Then before he went back to korea, i suggested that he go with other students for sight seeing, but he said he wants to spend time with me. so we went to the mall.
when we arrived, he bought brownies and a drink. I have the habit of always refusing when someone offers food or drinks. so he explained that in korea, when someone older or your boss offered something, you have to accept it even if you dont want it. Though he’s one year younger than me, he said in “this situation” i should not refuse, (i’m not really sure what he meant)Then we decided to just sit by the bay.(the mall has a seaside area) He said before he leaves, he has a final request. He wanted to hug me, i thought there’s nothing wrong with that, teachers and students hug, right? Suddenly he kissed me. when we went back to the dormitory, i gave him my farewell gift and a letter. i just wrote there all of my feelings about him but i didnt directly say that i ‘like’ him. that night, he sent me kakao msg saying he wanted to see me one last time. But there were other students in the kitchen so i refused to see him again.
he is now in korea. during his first week there we chatted thru kakao everyday. MOstly, he initiated the conversation. but lately, our chat becomes seldom.

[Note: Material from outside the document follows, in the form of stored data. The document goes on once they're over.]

theorem lemma2p5:
  fixes p :: "'a::euclidean_space"
    and U :: "'k::euclidean_space set"
    and f :: "'k \<Rightarrow> 'a"
  assumes "DIM('k) \<ge> 2"
    and "norm p = 1"
    and "minimal_immersion U f"
  shows "(\<forall>u\<in>U. \<forall>v. tangent_onb (frechet_derivative f (at u)) v \<longrightarrow>
            (f u \<noteq> - p \<longrightarrow> div_Sigma (Phi DIM('k) p) f u v \<le> 1) \<and>
            (f u \<noteq> p \<longrightarrow> div_Sigma (Psi DIM('k) p) f u v \<le> 1))
       \<and> (\<forall>x::'a. norm x = 1 \<and> x \<noteq> p \<longrightarrow>
            Psi DIM('k) p x = psi_k DIM('k) (sdist p x) *\<^sub>R grad_sdist p x)
       \<and> (\<forall>j. DIM('k) = 2 * j \<longrightarrow>
            (\<forall>r. 0 < r \<and> r < pi \<longrightarrow>
               psi_k DIM('k) r = (\<Sum>i=1..j. - a_coef j i * sin r / (1 - cos r) ^ i)))"
proof (intro conjI ballI allI impI)
  fix u v assume u: "u \<in> U" and frame: "tangent_onb (frechet_derivative f (at u)) v"
  obtain Df where "open U" "\<And>y. y \<in> U \<Longrightarrow> norm (f y) = 1"
    and "(f has_derivative blinfun_apply (Df u)) (at u)"
    using assms(3) u unfolding minimal_immersion_def by blast
  moreover from this(3) have "tangent_onb (blinfun_apply (Df u)) v"
    using frame frechet_derivative_at by metis
  ultimately show "f u \<noteq> - p \<Longrightarrow> div_Sigma (Phi DIM('k) p) f u v \<le> 1"
    and "f u \<noteq> p \<Longrightarrow> div_Sigma (Psi DIM('k) p) f u v \<le> 1"
    using div_Phi_le_1[of U f u _ p v] div_Phi_le_1[of U f u _ "- p" v] assms(2) u
    unfolding Psi_def by auto
next
  fix x :: 'a assume "norm x = 1 \<and> x \<noteq> p"
  then show "Psi DIM('k) p x = psi_k DIM('k) (sdist p x) *\<^sub>R grad_sdist p x"
    using Psi_eq_psi_k assms(2) by blast
next
  fix j :: nat and r :: real assume "DIM('k) = 2 * j" and "0 < r \<and> r < pi"
  then show "psi_k DIM('k) r = (\<Sum>i=1..j. - a_coef j i * sin r / (1 - cos r) ^ i)"
    using psi_k_even[of j r] DIM_positive[where 'a = 'k] by simp
qed

end
(* Let $\mathbf p$ be a probability vector with strictly positive entries and fix $\varepsilon>0$ such that $1-\varepsilon>\max_{n,i}\lambda_i^{(n)}$. There exists a constant $C_1=C_1(F,\mathbf p,\varepsilon)<\infty$ such that for all $\mathbf i\in\Sigma$ and $0<R\le1$, \[ \frac{\mu_{\mathbf p}(B_{\mathbf i}(R))}{\mu_{\mathbf p}(B_{\mathbf i}((1-\varepsilon)R))}\le C_1. \]
   Context: Setting: $\mathcal I=\{1,\dots,N\}$, $f_i(x)=A_ix+t_i$ on $\mathbb R^d$ with $A_i=\mathrm{diag}(\lambda_i^{(1)},\dots,\lambda_i^{(d)})$, all $\lambda_i^{(n)}\in(0,1)$, $f_i([0,1]^d)\subset[0,1]^d$, no two maps agree on $[0,1]^d$, and for all $m\ne n$ some $i$ has $\lambda_i^{(n)}\ne\lambda_i^{(m)}$; $F$ is the attractor. $\Sigma=\mathcal I^{\mathbb N}$, $\mu_{\mathbf p}=\mathbf p^{\mathbb N}$. For $\mathbf i\in\Sigma$, $r>0$, $L_{\mathbf i}(r,n)$ is the unique integer with $\prod_{\ell=1}^{L_{\mathbf i}(r,n)}\lambda_{i_\ell}^{(n)}\le r<\prod_{\ell=1}^{L_{\mathbf i}(r,n)-1}\lambda_{i_\ell}^{(n)}$. $\mathbf i$ determines a $\sigma$-ordered cube at scale $r$ if $L_{\mathbf i}(r,\sigma_d)\le\dots\le L_{\mathbf i}(r,\sigma_1)$, ties resolved by: if coordinates $k<m$ have $L_{\mathbf i}(r,k)=L_{\mathbf i}(r,m)$ then $k$ precedes $m$ iff $\prod_{\ell=1}^{L_{\mathbf i}(r,k)}\lambda_{i_\ell}^{(k)}\ge\prod_{\ell=1}^{L_{\mathbf i}(r,k)}\lambda_{i_\ell}^{(m)}$; write $\sigma_{\mathbf i}(r)$ for this ordering. $E_n^\sigma$: span of coordinate axes $\sigma_1,\dots,\sigma_n$; $f_i,f_j$ overlap exactly on $E_n^\sigma$ if their orthogonal projections onto $E_n^\sigma$ agree on $[0,1]^d$. For $1\le n\le d-1$, $\mathcal I_n^\sigma$ is the set of $j$ such that no $i<j$ overlaps exactly with $j$ on $E_n^\sigma$; $\mathcal I_d^\sigma=\mathcal I$; $\Pi_n^\sigma j$ is the unique element of $\mathcal I_n^\sigma$ overlapping exactly with $j$ on $E_n^\sigma$, extended to $\Sigma$ coordinatewise. The symbolic approximate cube is $B_{\mathbf i}(r)=\{\mathbf j\in\Sigma:|\Pi_n^\sigma\mathbf j\wedge\Pi_n^\sigma\mathbf i|\ge L_{\mathbf i}(r,\sigma_n)\ \forall\,1\le n\le d\}$ with $\sigma=\sigma_{\mathbf i}(r)$ and $\wedge$ the longest common prefix. *)

theory Defs
  imports "HOL-Probability.Probability"
begin

text \<open>Coordinates are indexed by 1..d, maps by 1..N. Points of R^d are functions
  nat => real (only coordinates 1..d matter).  Symbolic sequences are nat => nat, with
  the sequence position l (1-based in the paper) stored at index l-1.\<close>

definition fmap :: "(nat \<Rightarrow> nat \<Rightarrow> real) \<Rightarrow> (nat \<Rightarrow> nat \<Rightarrow> real) \<Rightarrow> nat \<Rightarrow> (nat \<Rightarrow> real) \<Rightarrow> nat \<Rightarrow> real" where
  "fmap lam t i x n = lam i n * x n + t i n"

definition unit_cube :: "nat \<Rightarrow> (nat \<Rightarrow> real) set" where
  "unit_cube d = {x. \<forall>n\<in>{1..d}. x n \<in> {0..1}}"

definition SigmaN :: "nat \<Rightarrow> (nat \<Rightarrow> nat) set" where
  "SigmaN N = {ii. \<forall>l. ii l \<in> {1..N}}"

text \<open>L_i(r,n): the least L with prod_{l=1}^L lam_{i_l}^{(n)} <= r
  (for 0<r<1 this is the unique integer of the paper; for r = 1 it is 0).\<close>
definition Lfun :: "(nat \<Rightarrow> nat \<Rightarrow> real) \<Rightarrow> (nat \<Rightarrow> nat) \<Rightarrow> real \<Rightarrow> nat \<Rightarrow> nat" where
  "Lfun lam ii r n = (LEAST L. (\<Prod>l<L. lam (ii l) n) \<le> r)"

definition Pfun :: "(nat \<Rightarrow> nat \<Rightarrow> real) \<Rightarrow> (nat \<Rightarrow> nat) \<Rightarrow> nat \<Rightarrow> nat \<Rightarrow> real" where
  "Pfun lam ii L n = (\<Prod>l<L. lam (ii l) n)"

definition precedes :: "(nat \<Rightarrow> nat \<Rightarrow> real) \<Rightarrow> (nat \<Rightarrow> nat) \<Rightarrow> real \<Rightarrow> nat \<Rightarrow> nat \<Rightarrow> bool" where
  "precedes lam ii r a b \<longleftrightarrow> a \<noteq> b \<and>
     (Lfun lam ii r b < Lfun lam ii r a \<or>
      (Lfun lam ii r a = Lfun lam ii r b \<and>
        (if a < b then Pfun lam ii (Lfun lam ii r a) a \<ge> Pfun lam ii (Lfun lam ii r a) b
         else Pfun lam ii (Lfun lam ii r a) a > Pfun lam ii (Lfun lam ii r a) b)))"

He will soon go to China for his internship. i know he’s busy so i don’t want to bother him but im afraid we might lose contact.
Besides, im not really sure about our status, i mean he never really asked me to be his girlfriend and he didnt directly say that he loves me… should i ask him or just wait for him to say it?
sorry for the very long story… it tried to make it shorter… but still… hope you understand ^_^-
Hi, I can see you asked a question on one of our posts 8 days ago. We’re really busy and there are lot of questions and we answer them one by one as they were posted. Sorry for the wait. (Also, since this is the place where question are actually asked we answer them here much faster)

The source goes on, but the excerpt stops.